这会儿大家扎堆坐着,聊天的聊天,唱歌的唱歌,喝酒的喝酒,打牌的打牌。
这种聚会就是这样,人多了并不会比人少了更好玩,无所事事的只能在角落坐着当傻子。
“所以今晚什么意思?什么局?”等唱歌的人因为伴奏稍稍休息一会儿,江棠马上问苒苒。
苒苒疑惑了声:“咦?我没告诉你吗?”
江棠:“你告诉我了?”
苒苒说:“今天君君生日啊。”
江棠:“啊?”
怎么天天有人生日。
江棠这不就扫了一圈:“君君人呢?”
说君君,君君到,下一个推门进来的,不就是今天的寿星。
苒苒:“出去买东西了吧。”
江棠哦了声,就见君君和她的目光对上了,然后君君就走过来了。
这下江棠有点理解了,君君的人脉她略有耳闻,过个生日能叫上这么多人,不是什么奇怪的事。
甚至不认识的人她也能自来熟地招呼进来,她就喜欢人多热闹。
“酒?”
到了跟前,君君就这么问江棠。
江棠才准备意思地和寿星喝一口,张欣开口了:“她最近不能喝酒呢。”
君君问:“怎么了?身体不好?”
张欣笑了笑:“有人管着呗。”
江棠瞥了张欣一眼,想着一会儿还要去找姜宜漾,算是认可地点点头:“开车,”她又说:“生日快乐啊。”
君君笑了一下:“谢谢。”
君君说完这些就走了,江棠倒是没什么,张欣突然勾住了江棠的手:“你说君君还喜欢你吗?”
江棠疑惑:“她不是有女朋友了?”
张欣也疑惑了:“她不是分手了?”
江棠摇头:“我不知道啊。”
张欣:“所以你也没回答我问题。”
江棠:“谁说她喜欢我了?”
张欣笑:“是没说,不过谁看不出来啊。”
江棠:“没说就是没有。”
“还好没说,”张欣笑着着戳了一下江棠的肩:“你不要太绝情。”
江棠:“拖泥带水有什么意思。”
说完这话,江棠一下子就想到了姜宜漾,她突然觉得自己好像双标了。
可是姜宜漾是姜宜漾啊。
身边张欣突然笑了一下:“诶你说,这要是被姜老师知道你晚上是来给君君庆生的,”她说着又啧了声:“不对,姜老师又不认识君君,”张欣再诶一声:“算了。”
被张欣这么一提点,江棠觉得不对劲了。
虽然她坦荡,但这事要是以后被姜宜漾知道,那必然是出自别人的嘴,那肯定有出入。
所以接下来的几分钟,江棠伴着这个女生的歌声握着手机纠结着,要不要告诉姜宜漾,要的话要这么说,这么突然告诉她明显怪怪的,但不说好像又不太行。
想了半晌,那边门突然开了,服务员推蛋糕进来了。
大家见状纷纷停下手上的事,默契地一起“wo~”了一声,鼓起了掌。
门口进来的不止是蛋糕,蛋糕后面还有水果篮饮料和酒,服务员一个接着一个,掌声也一直持续没断过。

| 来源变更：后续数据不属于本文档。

lemma subintervals_separating:
  fixes F :: "real^'d \<Rightarrow> 'b::metric_space"
  assumes cont: "continuous_on (box a b) F" and inj: "one_one_each_coord (box a b) F"
    and C: "intervals_within a b C" and "s \<noteq> t"
  obtains D where "intervals_within a b D" "subintervals D C" "separated_cells F D s t"
proof -
  obtain j where "s j \<noteq> t j" using \<open>s \<noteq> t\<close> by auto
  then obtain u v where u: "\<forall>i. fst (C i (s i)) < u$i \<and> u$i < snd (C i (s i))"
    and v: "\<forall>i. fst (C i (t i)) < v$i \<and> v$i < snd (C i (t i))"
    and uv: "\<forall>i. s i = t i \<longrightarrow> u$i = v$i" and "F u \<noteq> F v"
    using one_one_each_coord_distinct_values[OF inj C] by metis
  have "u \<in> box a b" "v \<in> box a b"
    using u v C unfolding mem_box_cart intervals_within_def by (meson order_less_trans)+
  then have "isCont F u" "isCont F v"
    using cont continuous_on_eq_continuous_at[OF open_box] by auto
  define e where "e = dist (F u) (F v) / 2"
  have "0 < e" using \<open>F u \<noteq> F v\<close> by (simp add: e_def)
  obtain \<rho>u \<rho>v where "0 < \<rho>u" "\<And>x. (\<And>i. \<bar>x$i - u$i\<bar> \<le> \<rho>u) \<Longrightarrow> dist (F x) (F u) < e"
    and "0 < \<rho>v" "\<And>x. (\<And>i. \<bar>x$i - v$i\<bar> \<le> \<rho>v) \<Longrightarrow> dist (F x) (F v) < e"
    using isCont_cart_componentwise[OF \<open>isCont F u\<close> \<open>0 < e\<close>]
      isCont_cart_componentwise[OF \<open>isCont F v\<close> \<open>0 < e\<close>] by metis
  then have near_u: "\<And>x. (\<And>i. \<bar>x$i - u$i\<bar> \<le> min \<rho>u \<rho>v) \<Longrightarrow> dist (F x) (F u) < e"
    and near_v: "\<And>x. (\<And>i. \<bar>x$i - v$i\<bar> \<le> min \<rho>u \<rho>v) \<Longrightarrow> dist (F x) (F v) < e"
    by (meson min.boundedE)+
  obtain D where D: "intervals_within a b D" "subintervals D C"
    and Ds: "\<And>x i. x \<in> cell D s \<Longrightarrow> \<bar>x$i - u$i\<bar> \<le> min \<rho>u \<rho>v"
    and Dt: "\<And>x i. x \<in> cell D t \<Longrightarrow> \<bar>x$i - v$i\<bar> \<le> min \<rho>u \<rho>v"
    using subintervals_around[OF C _ u v uv, of "min \<rho>u \<rho>v"] \<open>0 < \<rho>u\<close> \<open>0 < \<rho>v\<close> by auto
  have "separated_cells F D s t"
    unfolding separated_cells_def
  proof (intro ballI notI)
    fix x y assume "x \<in> cell D s" "y \<in> cell D t" "F x = F y"
    have "dist (F u) (F v) \<le> dist (F x) (F u) + dist (F y) (F v)"
      using dist_triangle[of "F u" "F v" "F x"] \<open>F x = F y\<close> by (simp add: dist_commute)
    also have "\<dots> < e + e" using near_u[OF Ds] near_v[OF Dt] \<open>x \<in> cell D s\<close> \<open>y \<in> cell D t\<close>
      by (meson add_strict_mono)
    finally show False by (simp add: e_def)
  qed
  with D show thesis by (rule that)
qed

lemma subintervals_separating_all:
  fixes F :: "real^'d \<Rightarrow> 'b::metric_space"
  assumes cont: "continuous_on (box a b) F" and inj: "one_one_each_coord (box a b) F"
    and "finite PP" "\<forall>(s, t)\<in>PP. s \<noteq> t" "intervals_within a b C"
  shows "\<exists>D. intervals_within a b D \<and> subintervals D C \<and> (\<forall>(s, t)\<in>PP. separated_cells F D s t)"
  using assms(3-)
proof (induction PP arbitrary: C rule: finite_induct)
  case empty
  then show ?case using subintervals_refl by blast
next
  case (insert p PP)
  obtain s t where p: "p = (s, t)" by fastforce
  have "\<exists>D. intervals_within a b D \<and> subintervals D C \<and> (\<forall>(s, t)\<in>PP. separated_cells F D s t)"
    using insert.IH insert.prems by simp
  then obtain D where D: "intervals_within a b D" "subintervals D C"
    "\<forall>(s, t)\<in>PP. separated_cells F D s t" by blast
  obtain D' where "intervals_within a b D'" "subintervals D' D" "separated_cells F D' s t"
    using subintervals_separating[OF cont inj D(1)] insert.prems p by auto
  with D show ?case
    by (intro exI[of _ D']) (auto simp: p intro: subintervals_trans separated_cells_subintervals)
qed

不过跟着第四个服务员进来的,却不是服务生的装扮,那人从拐角过来,因为比服务员高了半个头,几乎是突然出现。
江棠鼓着掌的手瞬间停住,她也听她右边有个人喊道:“宜漾,你来啦。”
江棠半分钟前还在脑子里一句一句编辑今晚的事,现在这人突然出现,她人傻了。
“诶,姜老师诶。”张欣往江棠那边靠了点。
苒苒也靠过来了:“诶,这不是我们上次见到的那个大美女吗?什么老师。”
是的,都是的,你也是的,她也是的。
不是的是江棠。
包厢里的主灯已经关了,留边缘一圈并不能照明的灯,剩下光线就是插满了蜡烛的蛋糕。
姜宜漾不是主角,所以她走得很轻,进门口就默不作声往老板娘那儿去了。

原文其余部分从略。